Visual representation of the surprising validity of this equality...

Yes, it's true.
I suspect that m is supposed to be a natural number greater than or equal to 1.

Assuming it's true for any one value in the sequence, we can prove that it's true for all succeeding values per induction.

To go from m to m+1, we show that both sides grow the same:

\sum{n=1}^{m+1} n^3 = \left( \sum_{n=1}^{m+1} n \right)^2
(m+1)^3 + \sum{n=1}^m n^3 = \left( m+1+ \sum_{n=1}^{m} n \right)^2
(m+1)^3 + \sum{n=1}^m n^3 = (m+1)^2 + 2*(m+1)*\left(\sum_{n=1}^{m} n\right) + \left( \sum_{n=1}^{m} n \right)^2

Use Gauss sum:
(m+1)^3 + \sum{n=1}^m n^3 = (m+1)^2 + 2*(m+1)m(m+1)/2 + \left( \sum_{n=1}^{m} n \right)^2

Simplify:
(m+1)^3 + \sum{n=1}^m n^3 = (m+1)^2 + m*(m+1)^2 + \left( \sum_{n=1}^{m} n \right)^2
1x+nx=(1+n)x:
(m+1)^3 + \sum{n=1}^m n^3 = 1(m+1)^2 + m*(m+1)^2 + \left( \sum_{n=1}^{m} n \right)^2
(m+1)^3 + \sum{n=1}^m n^3 = (1+m)*(m+1)^2 + \left( \sum_{n=1}^{m} n \right)^2
(m+1)^3 + \sum{n=1}^m n^3 = (m+1)^3 + \left( \sum_{n=1}^{m} n \right)^2

Deduct (m+1)^3 from both sides:
\sum{n=1}^m n^3 = \left( \sum_{n=1}^m n \right)^2

For m = 1:
sum(1^3) = (sum(1))^2

It's true for m=1, and we have shown that if it's true for any m, it's also true for m+1. QED.
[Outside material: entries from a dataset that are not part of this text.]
lemma card_pairs_le_sum_planes_through:
  fixes P :: "('n::finite \<Rightarrow> 'a::{finite,field}) set"
  assumes "P \<in> affine_planes" "x0 \<notin> P"
  shows "card (P \<times> P - Id) \<le> (\<Sum>Q \<in> {Q \<in> affine_planes. x0 \<in> Q}. card ((P \<inter> Q) \<times> (P \<inter> Q) - Id))"
proof -
  have "P \<times> P - Id \<subseteq> (\<Union>Q \<in> {Q \<in> affine_planes. x0 \<in> Q}. (P \<inter> Q) \<times> (P \<inter> Q) - Id)"
  proof
    fix p assume "p \<in> P \<times> P - Id"
    then obtain y y' where p: "p = (y, y')" "y \<in> P" "y' \<in> P" "y \<noteq> y'" by auto
    obtain Q where "Q \<in> affine_planes" "x0 \<in> Q" "y \<in> Q" "y' \<in> Q"
      using assms p(2-4) by (rule affine_plane_through_off_point)
    with p show "p \<in> (\<Union>Q \<in> {Q \<in> affine_planes. x0 \<in> Q}. (P \<inter> Q) \<times> (P \<inter> Q) - Id)" by blast
  qed
  then have "card (P \<times> P - Id) \<le> card (\<Union>Q \<in> {Q \<in> affine_planes. x0 \<in> Q}. (P \<inter> Q) \<times> (P \<inter> Q) - Id)"
    by (intro card_mono) simp_all
  also have "\<dots> \<le> (\<Sum>Q \<in> {Q \<in> affine_planes. x0 \<in> Q}. card ((P \<inter> Q) \<times> (P \<inter> Q) - Id))"
    by (rule card_UN_le) simp
  finally show ?thesis .
qed

lemma card_zero_planes_through_pair_le:
  fixes Q :: "('n::finite \<Rightarrow> 'a::{finite,field}) set"
  assumes "weak_PvP d A" "Q \<in> affine_planes" "y \<in> Q" "y' \<in> Q" "y \<noteq> y'"
  shows "card {P \<in> zero_planes d A. y \<in> P \<and> y' \<in> P} * (card (UNIV :: 'a set)^2 - card (UNIV :: 'a set))
         \<le> (if y \<in> null_points d A Q then card (UNIV :: ('n \<Rightarrow> 'a) set) else 0)"
proof (cases "{P \<in> zero_planes d A. y \<in> P \<and> y' \<in> P} = {}")
  case False
  then obtain P where P: "P \<in> affine_planes" "\<forall>f \<in> low_deg d P. A P f = 0" "y \<in> P" "y' \<in> P"
    unfolding zero_planes_def by blast
  then have "y \<in> null_points d A Q"
    using assms(3-5) by (intro null_point_of_zero_plane[OF assms(1) P(1) assms(2) P(2)]) auto
  have "{P \<in> zero_planes d A. y \<in> P \<and> y' \<in> P} \<subseteq> {P \<in> affine_planes. y \<in> P \<and> y' \<in> P}"
    unfolding zero_planes_def by blast
  then have "card {P \<in> zero_planes d A. y \<in> P \<and> y' \<in> P} * (card (UNIV :: 'a set)^2 - card (UNIV :: 'a set))
      \<le> card {P \<in> affine_planes. y \<in> P \<and> y' \<in> P} * (card (UNIV :: 'a set)^2 - card (UNIV :: 'a set))"
    by (intro mult_le_mono1 card_mono) simp_all
  also have "\<dots> \<le> card (UNIV :: ('n \<Rightarrow> 'a) set) - card (UNIV :: 'a set)"
    using assms(5) by (rule card_planes_through_two_points)
  finally show ?thesis using \<open>y \<in> null_points d A Q\<close> by simp
qed (simp only: card.empty mult_0 zero_le)

lemma sum_zero_planes_pairs_le:
  fixes Q :: "('n::finite \<Rightarrow> 'a::{finite,field}) set"
  assumes "weak_PvP d A" "Q \<in> affine_planes"
  shows "(\<Sum>P \<in> zero_planes d A. card ((P \<inter> Q) \<times> (P \<inter> Q) - Id))
           * (card (UNIV :: 'a set)^2 - card (UNIV :: 'a set))
         \<le> card (null_points d A Q) * (card (UNIV :: 'a set)^2 - 1) * card (UNIV :: ('n \<Rightarrow> 'a) set)"
proof -
  let ?q = "card (UNIV :: 'a set)" and ?N = "card (UNIV :: ('n \<Rightarrow> 'a) set)"
  let ?B = "null_points d A Q"
  define through where "through p = {P \<in> zero_planes d A. fst p \<in> P \<and> snd p \<in> P}" for p
  have "(\<Sum>P \<in> zero_planes d A. card ((P \<inter> Q) \<times> (P \<inter> Q) - Id))
      = (\<Sum>P \<in> zero_planes d A. card {p \<in> Q \<times> Q - Id. fst p \<in> P \<and> snd p \<in> P})"
    by (intro sum.cong refl arg_cong[where f = card]) auto
  also have "\<dots> = (\<Sum>p \<in> Q \<times> Q - Id. card (through p))"
    by (rule sum_multicount_gen) (auto simp: through_def)
  finally have "(\<Sum>P \<in> zero_planes d A. card ((P \<inter> Q) \<times> (P \<inter> Q) - Id)) * (?q^2 - ?q)
      = (\<Sum>p \<in> Q \<times> Q - Id. card (through p) * (?q^2 - ?q))"
    by (simp add: sum_distrib_right)
  also have "\<dots> \<le> (\<Sum>p \<in> Q \<times> Q - Id. if fst p \<in> ?B then ?N else 0)"
    unfolding through_def
    by (intro sum_mono card_zero_planes_through_pair_le[OF assms]) auto
  also have "\<dots> = card {p \<in> Q \<times> Q - Id. fst p \<in> ?B} * ?N"
    by (simp add: sum.If_cases Int_def)
  also have "\<dots> = card ?B * (?q^2 - 1) * ?N"
    using card_distinct_pairs_fst_in[of Q ?B] card_affine_plane[OF assms(2)]
    by (simp add: null_points_def)
  finally show ?thesis .
qed

lemma card_zero_planes_mult_le_pairs:
  fixes x0 :: "'n::finite \<Rightarrow> 'a::{finite,field}"
  assumes "\<And>Q. Q \<in> affine_planes \<Longrightarrow> x0 \<in> Q \<Longrightarrow> Q \<notin> zero_planes d A"
  shows "card (zero_planes d A :: ('n \<Rightarrow> 'a) set set)
           * (card (UNIV :: 'a set)^2 * (card (UNIV :: 'a set)^2 - 1))
         \<le> (\<Sum>P \<in> zero_planes d A. \<Sum>Q \<in> {Q \<in> affine_planes. x0 \<in> Q}. card ((P \<inter> Q) \<times> (P \<inter> Q) - Id))"
proof -
  have "card (P \<times> P - Id) = card (UNIV :: 'a set)^2 * (card (UNIV :: 'a set)^2 - 1)"
    if "P \<in> zero_planes d A" for P :: "('n \<Rightarrow> 'a) set"
  proof -
    have "P \<in> affine_planes" using that by (simp add: zero_planes_def)
    then show ?thesis using card_distinct_pairs[of P] by (simp add: card_affine_plane)
  qed
  then have "card (zero_planes d A :: ('n \<Rightarrow> 'a) set set)
      * (card (UNIV :: 'a set)^2 * (card (UNIV :: 'a set)^2 - 1))
      = (\<Sum>P \<in> zero_planes d A. card (P \<times> P - Id))"
    by simp
  also have "\<dots> \<le> (\<Sum>P \<in> zero_planes d A. \<Sum>Q \<in> {Q \<in> affine_planes. x0 \<in> Q}.
      card ((P \<inter> Q) \<times> (P \<inter> Q) - Id))"
    by (intro sum_mono card_pairs_le_sum_planes_through) (use assms in \<open>auto simp: zero_planes_def\<close>)
  finally show ?thesis .
qed

lemma card_field_ge_2: "2 \<le> card (UNIV :: 'a::{finite,field} set)"
proof -
  have "card {0 :: 'a, 1} \<le> card (UNIV :: 'a set)" by (rule card_mono) simp_all
  then show ?thesis by simp
qed

lemma card_zero_planes_le:
  fixes x0 :: "'n::finite \<Rightarrow> 'a::{finite,field}" and m :: real
  assumes "weak_PvP d A"
    and nonzero: "\<And>Q. Q \<in> affine_planes \<Longrightarrow> x0 \<in> Q \<Longrightarrow> Q \<notin> zero_planes d A"
    and null: "\<And>Q. Q \<in> affine_planes \<Longrightarrow> x0 \<in> Q \<Longrightarrow> real (card (null_points d A Q)) \<le> m"
  shows "real (card (zero_planes d A :: ('n \<Rightarrow> 'a) set set))
           * (real (card (UNIV :: 'a set))^2 - real (card (UNIV :: 'a set)))
         \<le> real (card (affine_planes :: ('n \<Rightarrow> 'a) set set)) * m"
proof -
  let ?Z = "zero_planes d A :: ('n \<Rightarrow> 'a) set set" and ?X = "{Q \<in> affine_planes. x0 \<in> Q}"
  let ?q = "card (UNIV :: 'a set)" and ?N = "card (UNIV :: ('n \<Rightarrow> 'a) set)"
  define W where "W = (\<Sum>P \<in> ?Z. \<Sum>Q \<in> ?X. card ((P \<inter> Q) \<times> (P \<inter> Q) - Id))"
  have q: "2 \<le> real ?q" using card_field_ge_2 by simp
  have q_le: "1 \<le> ?q^2" "?q \<le> ?q^2" using card_field_ge_2[where 'a = 'a]
    by (simp_all add: power2_eq_square)
  have "real (card ?Z * (?q^2 * (?q^2 - 1))) \<le> real W"
    unfolding W_def using nonzero by (intro of_nat_mono card_zero_planes_mult_le_pairs)
  then have lower: "real (card ?Z) * (real ?q^2 * (real ?q^2 - 1)) \<le> real W"
    using q_le by (simp add: of_nat_diff)
  have "W * (?q^2 - ?q) = (\<Sum>Q \<in> ?X. (\<Sum>P \<in> ?Z. card ((P \<inter> Q) \<times> (P \<inter> Q) - Id)) * (?q^2 - ?q))"
    unfolding W_def by (simp add: sum.swap[of _ ?Z] sum_distrib_right)
  also have "\<dots> \<le> (\<Sum>Q \<in> ?X. card (null_points d A Q) * (?q^2 - 1) * ?N)"
    using sum_zero_planes_pairs_le[OF assms(1)] by (intro sum_mono) simp
  finally have "real (W * (?q^2 - ?q)) \<le> real (\<Sum>Q \<in> ?X. card (null_points d A Q) * (?q^2 - 1) * ?N)"
    by (rule of_nat_mono)
  then have "real W * (real ?q^2 - real ?q)
      \<le> (\<Sum>Q \<in> ?X. real (card (null_points d A Q)) * (real ?q^2 - 1) * real ?N)"
    using q_le by (simp add: of_nat_diff)
  also have "\<dots> \<le> real (card ?X) * (m * (real ?q^2 - 1) * real ?N)"
    using q null by (intro sum_bounded_above mult_right_mono) auto
  also have "\<dots> = (real (card ?X) * real ?N) * m * (real ?q^2 - 1)" by (simp only: mult_ac)
  also have "real (card ?X) * real ?N = real (card (affine_planes :: ('n \<Rightarrow> 'a) set set)) * real ?q^2"
    using arg_cong[OF card_planes_through_point[of x0], of real] by simp
  also have "\<dots> * m * (real ?q^2 - 1)
      = real (card (affine_planes :: ('n \<Rightarrow> 'a) set set)) * m * (real ?q^2 * (real ?q^2 - 1))"
    by (simp only: mult_ac)
  finally have upper: "real W * (real ?q^2 - real ?q)
      \<le> real (card (affine_planes :: ('n \<Rightarrow> 'a) set set)) * m * (real ?q^2 * (real ?q^2 - 1))" .
  have "4 \<le> real ?q^2" using power_mono[OF q, of 2] by simp
  then have pos: "0 < real ?q^2 * (real ?q^2 - 1)" by (intro mult_pos_pos) simp_all
  have "real ?q \<le> real ?q^2" using q_le(2) by (metis of_nat_le_iff of_nat_power)
  then have "0 \<le> real ?q^2 - real ?q" by simp
  have "real (card ?Z) * (real ?q^2 - real ?q) * (real ?q^2 * (real ?q^2 - 1))
      = real (card ?Z) * (real ?q^2 * (real ?q^2 - 1)) * (real ?q^2 - real ?q)"
    by (simp only: mult_ac)
  also have "\<dots> \<le> real W * (real ?q^2 - real ?q)"
    using lower \<open>0 \<le> real ?q^2 - real ?q\<close> by (rule mult_right_mono)
  also note upper
  finally show ?thesis using pos by (rule mult_right_le_imp_le)
qed

lemma real_card_null_points_le:
  fixes Q :: "('n::finite \<Rightarrow> 'a::{finite,field}) set" and u :: real
  assumes "Q \<in> affine_planes" "f \<in> low_deg d Q" "A Q f \<noteq> 0" "real (card (supp d A Q)) \<le> u"
  shows "real (card (null_points d A Q)) \<le> (u - 1) * real d * (real (card (UNIV :: 'a set)) + 1)"
proof -
  have "f \<in> supp d A Q" using assms(2,3) by (simp add: supp_def)
  then have "1 \<le> card (supp d A Q)" by (simp add: Suc_le_eq card_gt_0_iff) blast
  have "real (card (null_points d A Q))
      \<le> real ((card (supp d A Q) - 1) * (d * (card (UNIV :: 'a set) + 1)))"
    using card_null_points_le[where A = A, OF assms(1-3)] by (rule of_nat_mono)
  also have "\<dots> = (real (card (supp d A Q)) - 1) * real d * (real (card (UNIV :: 'a set)) + 1)"
    by (simp only: of_nat_mult of_nat_add of_nat_1 of_nat_diff[OF \<open>1 \<le> card (supp d A Q)\<close>]
        mult.assoc)
  also have "\<dots> \<le> (u - 1) * real d * (real (card (UNIV :: 'a set)) + 1)"
    using assms(4) by (intro mult_right_mono) auto
  finally show ?thesis .
qed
Yes, assuming it's true, it's true for both m and m-1. Lets substract both-sides of equations for m and m-1 and we get:

m^3 = ( 1+2+3+...m)^2 - (1+2+3...(m-1))^2

Rth side is two arithmetic series. We can simplify:

m^3 = ( (1+m) * (m) / 2 )^2 - ( (1+m-1) * (m-1) / 2) ) ^ 2
m^3 = ( (m+1) * m / 2 )^2 - ( (m-1) * m / 2 )^2

Divide both sides by (m / 2)^2

4m = ( (m+1) )^2 - ( (m-1) )^2
4m = ( (m+1 + m-1) ) * ( (m+1-m+1) )
4m = ( 2m ) * ( 2 )
4m = 4m

For reference, I just posted the video that I promised in the context of our infinity problem from 2 days ago: #705385

My intuition says no, but I don't recall how to demonstrate that.